◆ **What you will do**: Would you give the entries below again, precisely as they are written?
BEGIN Data shown
lemma integral_square_sum_orthogonal:
  fixes Y :: "'j \<Rightarrow> 'a \<Rightarrow> real"
  assumes J: "finite J"
    and int: "\<And>j j'. j \<in> J \<Longrightarrow> j' \<in> J \<Longrightarrow> integrable M (\<lambda>x. Y j x * Y j' x)"
    and orth: "\<And>j j'. j \<in> J \<Longrightarrow> j' \<in> J \<Longrightarrow> j \<noteq> j' \<Longrightarrow> (\<integral>x. Y j x * Y j' x \<partial>M) = 0"
  shows "integrable M (\<lambda>x. (\<Sum>j\<in>J. Y j x)\<^sup>2)"
    and "(\<integral>x. (\<Sum>j\<in>J. Y j x)\<^sup>2 \<partial>M) = (\<Sum>j\<in>J. \<integral>x. (Y j x)\<^sup>2 \<partial>M)"
proof -
  have expand: "(\<Sum>j\<in>J. Y j x)\<^sup>2 = (\<Sum>j\<in>J. \<Sum>j'\<in>J. Y j x * Y j' x)" for x
    unfolding power2_eq_square sum_product ..
  show "integrable M (\<lambda>x. (\<Sum>j\<in>J. Y j x)\<^sup>2)"
    unfolding expand by (rule integral_double_sum(1)[OF int])
  have "(\<integral>x. (\<Sum>j\<in>J. Y j x)\<^sup>2 \<partial>M) = (\<Sum>j\<in>J. \<Sum>j'\<in>J. \<integral>x. Y j x * Y j' x \<partial>M)"
    unfolding expand by (rule integral_double_sum(2)[OF int])
  also have "\<dots> = (\<Sum>j\<in>J. \<Sum>j'\<in>J. if j = j' then \<integral>x. (Y j x)\<^sup>2 \<partial>M else 0)"
    using orth by (intro sum.cong refl) (auto simp: power2_eq_square)
  also have "\<dots> = (\<Sum>j\<in>J. \<integral>x. (Y j x)\<^sup>2 \<partial>M)"
    using J by simp
  finally show "(\<integral>x. (\<Sum>j\<in>J. Y j x)\<^sup>2 \<partial>M) = (\<Sum>j\<in>J. \<integral>x. (Y j x)\<^sup>2 \<partial>M)" .
qed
END Data shown
◆ **Answer area**:
lemma integral_square_sum_orthogonal:
  fixes Y :: "'j \<Rightarrow> 'a \<Rightarrow> real"
  assumes J: "finite J"
    and int: "\<And>j j'. j \<in> J \<Longrightarrow> j' \<in> J \<Longrightarrow> integrable M (\<lambda>x. Y j x * Y j' x)"
    and orth: "\<And>j j'. j \<in> J \<Longrightarrow> j' \<in> J \<Longrightarrow> j \<noteq> j' \<Longrightarrow> (\<integral>x. Y j x * Y j' x \<partial>M) = 0"
  shows "integrable M (\<lambda>x. (\<Sum>j\<in>J. Y j x)\<^sup>2)"
    and "(\<integral>x. (\<Sum>j\<in>J. Y j x)\<^sup>2 \<partial>M) = (\<Sum>j\<in>J. \<integral>x. (Y j x)\<^sup>2 \<partial>M)"
proof -
  have expand: "(\<Sum>j\<in>J. Y j x)\<^sup>2 = (\<Sum>j\<in>J. \<Sum>j'\<in>J. Y j x * Y j' x)" for x
    unfolding power2_eq_square sum_product ..
  show "integrable M (\<lambda>x. (\<Sum>j\<in>J. Y j x)\<^sup>2)"
    unfolding expand by (rule integral_double_sum(1)[OF int])
  have "(\<integral>x. (\<Sum>j\<in>J. Y j x)\<^sup>2 \<partial>M) = (\<Sum>j\<in>J. \<Sum>j'\<in>J. \<integral>x. Y j x * Y j' x \<partial>M)"
    unfolding expand by (rule integral_double_sum(2)[OF int])
  also have "\<dots> = (\<Sum>j\<in>J. \<Sum>j'\<in>J. if j = j' then \<integral>x. (Y j x)\<^sup>2 \<partial>M else 0)"
    using orth by (intro sum.cong refl) (auto simp: power2_eq_square)
  also have "\<dots> = (\<Sum>j\<in>J. \<integral>x. (Y j x)\<^sup>2 \<partial>M)"
    using J by simp
  finally show "(\<integral>x. (\<Sum>j\<in>J. Y j x)\<^sup>2 \<partial>M) = (\<Sum>j\<in>J. \<integral>x. (Y j x)\<^sup>2 \<partial>M)" .
qed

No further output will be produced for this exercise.